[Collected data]
----------
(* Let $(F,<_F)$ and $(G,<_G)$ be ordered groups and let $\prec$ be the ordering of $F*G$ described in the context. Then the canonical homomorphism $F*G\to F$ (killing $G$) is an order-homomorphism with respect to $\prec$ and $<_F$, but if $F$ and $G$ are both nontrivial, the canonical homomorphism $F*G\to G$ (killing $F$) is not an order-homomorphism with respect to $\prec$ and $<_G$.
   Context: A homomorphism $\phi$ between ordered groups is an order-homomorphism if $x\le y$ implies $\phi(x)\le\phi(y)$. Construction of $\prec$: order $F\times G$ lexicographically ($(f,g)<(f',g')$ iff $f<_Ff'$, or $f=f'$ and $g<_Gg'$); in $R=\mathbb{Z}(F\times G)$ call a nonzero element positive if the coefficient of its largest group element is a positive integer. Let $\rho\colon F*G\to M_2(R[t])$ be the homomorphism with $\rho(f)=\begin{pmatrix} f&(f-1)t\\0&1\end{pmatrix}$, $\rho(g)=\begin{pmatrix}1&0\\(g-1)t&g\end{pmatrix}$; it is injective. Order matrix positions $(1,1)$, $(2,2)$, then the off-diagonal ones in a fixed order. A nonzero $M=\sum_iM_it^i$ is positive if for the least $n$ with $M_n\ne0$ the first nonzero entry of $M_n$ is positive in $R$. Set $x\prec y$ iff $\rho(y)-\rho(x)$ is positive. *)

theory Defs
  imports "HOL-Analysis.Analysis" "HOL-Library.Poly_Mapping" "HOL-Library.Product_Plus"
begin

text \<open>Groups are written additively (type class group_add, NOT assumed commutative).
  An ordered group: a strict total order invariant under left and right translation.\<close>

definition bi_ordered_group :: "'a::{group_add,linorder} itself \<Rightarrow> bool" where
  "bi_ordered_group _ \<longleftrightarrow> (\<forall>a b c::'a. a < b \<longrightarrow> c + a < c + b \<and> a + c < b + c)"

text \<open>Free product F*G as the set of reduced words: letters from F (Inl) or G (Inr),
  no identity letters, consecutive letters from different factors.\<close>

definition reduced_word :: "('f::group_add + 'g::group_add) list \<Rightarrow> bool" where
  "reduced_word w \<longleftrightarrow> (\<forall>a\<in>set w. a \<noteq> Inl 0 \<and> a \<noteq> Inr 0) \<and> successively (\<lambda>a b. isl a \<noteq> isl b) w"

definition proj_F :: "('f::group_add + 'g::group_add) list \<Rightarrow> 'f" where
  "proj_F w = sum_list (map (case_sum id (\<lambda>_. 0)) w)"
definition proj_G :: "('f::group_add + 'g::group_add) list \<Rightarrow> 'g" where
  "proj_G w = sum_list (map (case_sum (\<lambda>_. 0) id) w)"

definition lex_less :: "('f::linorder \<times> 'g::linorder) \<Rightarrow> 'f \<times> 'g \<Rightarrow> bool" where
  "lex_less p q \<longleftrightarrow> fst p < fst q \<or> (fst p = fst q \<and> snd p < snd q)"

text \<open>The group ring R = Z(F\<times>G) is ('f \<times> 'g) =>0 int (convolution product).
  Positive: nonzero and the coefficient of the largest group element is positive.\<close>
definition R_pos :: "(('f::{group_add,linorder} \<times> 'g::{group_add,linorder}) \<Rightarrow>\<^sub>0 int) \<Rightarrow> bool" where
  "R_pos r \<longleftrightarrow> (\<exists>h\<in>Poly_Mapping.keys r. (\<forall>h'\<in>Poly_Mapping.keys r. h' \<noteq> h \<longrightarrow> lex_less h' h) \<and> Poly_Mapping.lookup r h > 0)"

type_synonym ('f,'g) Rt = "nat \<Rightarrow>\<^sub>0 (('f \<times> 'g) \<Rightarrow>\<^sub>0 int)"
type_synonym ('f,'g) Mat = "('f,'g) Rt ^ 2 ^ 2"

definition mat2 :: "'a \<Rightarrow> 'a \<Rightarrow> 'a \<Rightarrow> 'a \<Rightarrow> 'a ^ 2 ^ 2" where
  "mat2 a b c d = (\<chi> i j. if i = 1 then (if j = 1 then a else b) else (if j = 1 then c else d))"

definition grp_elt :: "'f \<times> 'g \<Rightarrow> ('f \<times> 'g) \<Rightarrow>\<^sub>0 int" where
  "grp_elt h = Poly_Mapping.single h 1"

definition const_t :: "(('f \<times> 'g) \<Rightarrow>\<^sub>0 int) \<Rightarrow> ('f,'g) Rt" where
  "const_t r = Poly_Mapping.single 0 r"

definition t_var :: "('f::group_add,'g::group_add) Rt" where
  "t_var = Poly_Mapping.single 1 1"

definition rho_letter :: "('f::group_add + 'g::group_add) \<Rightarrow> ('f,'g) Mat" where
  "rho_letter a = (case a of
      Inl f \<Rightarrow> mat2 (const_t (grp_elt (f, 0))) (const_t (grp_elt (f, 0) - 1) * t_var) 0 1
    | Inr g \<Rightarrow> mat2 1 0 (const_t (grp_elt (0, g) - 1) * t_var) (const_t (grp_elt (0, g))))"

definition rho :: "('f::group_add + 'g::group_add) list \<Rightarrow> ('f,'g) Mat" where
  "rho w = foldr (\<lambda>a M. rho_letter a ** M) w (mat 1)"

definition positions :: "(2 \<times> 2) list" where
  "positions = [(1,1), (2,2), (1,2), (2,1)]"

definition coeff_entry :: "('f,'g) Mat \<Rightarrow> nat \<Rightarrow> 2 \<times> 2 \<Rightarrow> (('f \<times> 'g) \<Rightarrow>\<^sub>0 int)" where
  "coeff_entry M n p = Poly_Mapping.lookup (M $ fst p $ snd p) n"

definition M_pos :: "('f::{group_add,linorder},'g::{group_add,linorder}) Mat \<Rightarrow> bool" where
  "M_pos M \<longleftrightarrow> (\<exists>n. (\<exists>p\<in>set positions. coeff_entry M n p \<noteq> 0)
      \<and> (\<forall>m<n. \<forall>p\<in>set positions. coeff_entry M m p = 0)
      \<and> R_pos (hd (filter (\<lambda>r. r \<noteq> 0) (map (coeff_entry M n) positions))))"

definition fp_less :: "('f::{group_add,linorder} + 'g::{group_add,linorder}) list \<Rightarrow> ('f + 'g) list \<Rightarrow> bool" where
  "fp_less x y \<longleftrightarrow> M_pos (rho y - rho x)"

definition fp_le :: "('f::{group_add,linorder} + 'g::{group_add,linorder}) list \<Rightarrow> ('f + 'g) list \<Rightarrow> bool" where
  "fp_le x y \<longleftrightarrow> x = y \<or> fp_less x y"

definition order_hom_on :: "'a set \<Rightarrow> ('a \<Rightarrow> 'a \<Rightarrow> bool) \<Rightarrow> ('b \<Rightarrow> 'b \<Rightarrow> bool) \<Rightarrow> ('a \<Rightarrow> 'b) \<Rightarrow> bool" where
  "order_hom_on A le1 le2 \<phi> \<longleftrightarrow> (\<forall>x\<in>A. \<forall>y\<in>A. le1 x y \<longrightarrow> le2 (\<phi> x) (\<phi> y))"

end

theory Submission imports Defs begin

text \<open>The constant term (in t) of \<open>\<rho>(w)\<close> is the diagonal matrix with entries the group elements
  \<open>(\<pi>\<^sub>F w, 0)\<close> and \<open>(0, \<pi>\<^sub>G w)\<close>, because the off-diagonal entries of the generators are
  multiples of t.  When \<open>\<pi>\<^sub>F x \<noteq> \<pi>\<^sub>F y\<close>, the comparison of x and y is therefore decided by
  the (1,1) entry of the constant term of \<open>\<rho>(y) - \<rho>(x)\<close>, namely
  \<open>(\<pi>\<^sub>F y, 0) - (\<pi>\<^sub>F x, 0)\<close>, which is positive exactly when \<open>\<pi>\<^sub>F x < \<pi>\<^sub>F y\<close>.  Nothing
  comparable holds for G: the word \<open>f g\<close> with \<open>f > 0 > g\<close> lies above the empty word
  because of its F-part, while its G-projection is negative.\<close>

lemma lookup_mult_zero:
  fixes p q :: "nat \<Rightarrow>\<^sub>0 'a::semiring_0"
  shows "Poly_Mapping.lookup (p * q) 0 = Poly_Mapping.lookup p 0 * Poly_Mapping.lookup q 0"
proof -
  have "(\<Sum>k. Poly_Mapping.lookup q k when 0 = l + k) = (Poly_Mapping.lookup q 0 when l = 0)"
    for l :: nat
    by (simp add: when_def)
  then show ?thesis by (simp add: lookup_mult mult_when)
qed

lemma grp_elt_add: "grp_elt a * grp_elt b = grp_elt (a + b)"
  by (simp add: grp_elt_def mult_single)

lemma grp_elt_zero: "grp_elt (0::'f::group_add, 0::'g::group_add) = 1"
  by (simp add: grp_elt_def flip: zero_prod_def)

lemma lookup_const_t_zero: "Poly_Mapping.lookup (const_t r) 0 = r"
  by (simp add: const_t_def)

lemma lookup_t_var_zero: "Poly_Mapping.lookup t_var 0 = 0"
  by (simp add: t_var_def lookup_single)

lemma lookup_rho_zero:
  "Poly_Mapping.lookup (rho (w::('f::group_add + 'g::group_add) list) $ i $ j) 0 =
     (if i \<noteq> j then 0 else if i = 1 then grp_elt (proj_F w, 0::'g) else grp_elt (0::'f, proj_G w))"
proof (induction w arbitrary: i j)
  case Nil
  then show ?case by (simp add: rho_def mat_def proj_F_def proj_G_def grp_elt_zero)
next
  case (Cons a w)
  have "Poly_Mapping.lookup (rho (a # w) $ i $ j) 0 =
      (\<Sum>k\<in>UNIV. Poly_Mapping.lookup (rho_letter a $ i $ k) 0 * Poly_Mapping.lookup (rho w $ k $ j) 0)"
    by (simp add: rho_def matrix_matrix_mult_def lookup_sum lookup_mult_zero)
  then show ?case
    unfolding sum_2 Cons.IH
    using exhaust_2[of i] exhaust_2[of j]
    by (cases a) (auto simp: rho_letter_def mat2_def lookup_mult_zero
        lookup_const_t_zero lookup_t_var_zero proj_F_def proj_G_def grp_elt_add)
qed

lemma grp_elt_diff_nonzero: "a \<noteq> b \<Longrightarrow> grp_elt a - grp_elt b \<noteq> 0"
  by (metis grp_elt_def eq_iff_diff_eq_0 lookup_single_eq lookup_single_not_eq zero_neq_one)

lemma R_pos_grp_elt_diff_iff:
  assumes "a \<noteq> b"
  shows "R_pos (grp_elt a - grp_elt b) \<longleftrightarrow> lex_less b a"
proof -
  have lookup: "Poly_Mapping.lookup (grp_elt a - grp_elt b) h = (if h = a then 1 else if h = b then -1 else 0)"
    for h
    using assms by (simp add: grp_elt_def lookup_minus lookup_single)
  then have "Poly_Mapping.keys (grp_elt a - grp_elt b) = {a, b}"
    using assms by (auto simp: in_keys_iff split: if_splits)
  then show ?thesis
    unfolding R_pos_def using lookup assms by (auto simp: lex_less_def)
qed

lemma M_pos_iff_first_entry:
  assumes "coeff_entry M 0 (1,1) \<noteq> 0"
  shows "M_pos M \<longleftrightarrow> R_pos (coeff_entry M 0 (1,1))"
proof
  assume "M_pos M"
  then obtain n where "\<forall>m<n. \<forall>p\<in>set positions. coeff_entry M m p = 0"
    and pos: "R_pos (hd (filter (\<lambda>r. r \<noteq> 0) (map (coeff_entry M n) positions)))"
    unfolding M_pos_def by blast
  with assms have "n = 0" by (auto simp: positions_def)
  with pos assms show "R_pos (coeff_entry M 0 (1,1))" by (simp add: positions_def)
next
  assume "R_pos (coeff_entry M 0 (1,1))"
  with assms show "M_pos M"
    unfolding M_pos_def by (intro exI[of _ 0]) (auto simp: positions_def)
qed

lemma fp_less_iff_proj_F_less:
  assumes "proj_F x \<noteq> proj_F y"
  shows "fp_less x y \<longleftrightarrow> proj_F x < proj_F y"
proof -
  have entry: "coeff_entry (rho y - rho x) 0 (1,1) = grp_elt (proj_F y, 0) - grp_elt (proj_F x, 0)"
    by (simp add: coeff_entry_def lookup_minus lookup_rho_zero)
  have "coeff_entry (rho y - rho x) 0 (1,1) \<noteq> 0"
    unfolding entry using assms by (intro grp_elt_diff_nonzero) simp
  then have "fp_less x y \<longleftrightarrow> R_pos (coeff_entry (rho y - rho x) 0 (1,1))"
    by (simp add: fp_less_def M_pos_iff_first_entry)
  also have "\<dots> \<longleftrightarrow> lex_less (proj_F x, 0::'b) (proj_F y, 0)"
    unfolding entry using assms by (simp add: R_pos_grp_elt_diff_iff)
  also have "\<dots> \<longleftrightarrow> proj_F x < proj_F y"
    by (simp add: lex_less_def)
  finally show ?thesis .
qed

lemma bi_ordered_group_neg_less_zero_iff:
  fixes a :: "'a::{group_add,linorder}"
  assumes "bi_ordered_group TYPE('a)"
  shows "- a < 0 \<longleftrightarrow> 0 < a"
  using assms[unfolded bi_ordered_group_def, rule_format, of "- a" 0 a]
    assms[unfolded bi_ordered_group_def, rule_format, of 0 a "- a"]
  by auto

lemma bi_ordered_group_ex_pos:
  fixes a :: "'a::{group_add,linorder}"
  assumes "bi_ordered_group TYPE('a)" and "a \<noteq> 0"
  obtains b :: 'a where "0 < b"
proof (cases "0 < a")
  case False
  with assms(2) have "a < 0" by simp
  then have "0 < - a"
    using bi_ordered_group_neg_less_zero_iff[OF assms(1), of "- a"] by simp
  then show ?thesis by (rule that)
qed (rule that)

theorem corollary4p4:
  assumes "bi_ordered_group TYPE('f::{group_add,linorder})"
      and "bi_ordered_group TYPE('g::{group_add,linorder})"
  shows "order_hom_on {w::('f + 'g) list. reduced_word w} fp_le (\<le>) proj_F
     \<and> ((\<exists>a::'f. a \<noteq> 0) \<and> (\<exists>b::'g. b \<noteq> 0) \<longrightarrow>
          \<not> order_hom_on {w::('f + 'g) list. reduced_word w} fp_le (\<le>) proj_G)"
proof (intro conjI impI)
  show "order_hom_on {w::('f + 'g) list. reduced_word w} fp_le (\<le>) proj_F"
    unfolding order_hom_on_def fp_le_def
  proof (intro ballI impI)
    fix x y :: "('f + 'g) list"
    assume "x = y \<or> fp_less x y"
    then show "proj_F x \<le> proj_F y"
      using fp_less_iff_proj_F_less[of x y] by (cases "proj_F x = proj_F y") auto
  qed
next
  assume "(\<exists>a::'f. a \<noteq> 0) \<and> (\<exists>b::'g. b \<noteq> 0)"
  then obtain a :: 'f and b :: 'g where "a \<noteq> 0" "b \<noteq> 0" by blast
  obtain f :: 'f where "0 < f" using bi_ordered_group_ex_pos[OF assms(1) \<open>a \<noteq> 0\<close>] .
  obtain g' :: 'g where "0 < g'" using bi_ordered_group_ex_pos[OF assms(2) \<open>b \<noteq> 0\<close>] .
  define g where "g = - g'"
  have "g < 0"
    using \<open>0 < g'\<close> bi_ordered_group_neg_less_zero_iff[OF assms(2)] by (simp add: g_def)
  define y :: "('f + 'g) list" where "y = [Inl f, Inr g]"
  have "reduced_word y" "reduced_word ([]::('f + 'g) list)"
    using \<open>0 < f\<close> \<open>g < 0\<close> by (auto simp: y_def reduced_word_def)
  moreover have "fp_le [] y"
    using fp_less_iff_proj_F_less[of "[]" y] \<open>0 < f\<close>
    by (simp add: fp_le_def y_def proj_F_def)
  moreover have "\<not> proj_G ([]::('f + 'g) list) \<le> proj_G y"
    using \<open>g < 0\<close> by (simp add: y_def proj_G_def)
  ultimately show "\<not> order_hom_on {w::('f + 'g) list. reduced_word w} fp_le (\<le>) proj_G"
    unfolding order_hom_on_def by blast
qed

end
----------
Task directions: The answer should contain only the lines from the first line of the entries through the line holding "w \<longleftrightarrow> (\<forall>a\<in>set", each exactly as written.

Reply:
(* Let $(F,<_F)$ and $(G,<_G)$ be ordered groups and let $\prec$ be the ordering of $F*G$ described in the context. Then the canonical homomorphism $F*G\to F$ (killing $G$) is an order-homomorphism with respect to $\prec$ and $<_F$, but if $F$ and $G$ are both nontrivial, the canonical homomorphism $F*G\to G$ (killing $F$) is not an order-homomorphism with respect to $\prec$ and $<_G$.
   Context: A homomorphism $\phi$ between ordered groups is an order-homomorphism if $x\le y$ implies $\phi(x)\le\phi(y)$. Construction of $\prec$: order $F\times G$ lexicographically ($(f,g)<(f',g')$ iff $f<_Ff'$, or $f=f'$ and $g<_Gg'$); in $R=\mathbb{Z}(F\times G)$ call a nonzero element positive if the coefficient of its largest group element is a positive integer. Let $\rho\colon F*G\to M_2(R[t])$ be the homomorphism with $\rho(f)=\begin{pmatrix} f&(f-1)t\\0&1\end{pmatrix}$, $\rho(g)=\begin{pmatrix}1&0\\(g-1)t&g\end{pmatrix}$; it is injective. Order matrix positions $(1,1)$, $(2,2)$, then the off-diagonal ones in a fixed order. A nonzero $M=\sum_iM_it^i$ is positive if for the least $n$ with $M_n\ne0$ the first nonzero entry of $M_n$ is positive in $R$. Set $x\prec y$ iff $\rho(y)-\rho(x)$ is positive. *)

theory Defs
  imports "HOL-Analysis.Analysis" "HOL-Library.Poly_Mapping" "HOL-Library.Product_Plus"
begin

text \<open>Groups are written additively (type class group_add, NOT assumed commutative).
  An ordered group: a strict total order invariant under left and right translation.\<close>

definition bi_ordered_group :: "'a::{group_add,linorder} itself \<Rightarrow> bool" where
  "bi_ordered_group _ \<longleftrightarrow> (\<forall>a b c::'a. a < b \<longrightarrow> c + a < c + b \<and> a + c < b + c)"

text \<open>Free product F*G as the set of reduced words: letters from F (Inl) or G (Inr),
  no identity letters, consecutive letters from different factors.\<close>

definition reduced_word :: "('f::group_add + 'g::group_add) list \<Rightarrow> bool" where
  "reduced_word w \<longleftrightarrow> (\<forall>a\<in>set w. a \<noteq> Inl 0 \<and> a \<noteq> Inr 0) \<and> successively (\<lambda>a b. isl a \<noteq> isl b) w"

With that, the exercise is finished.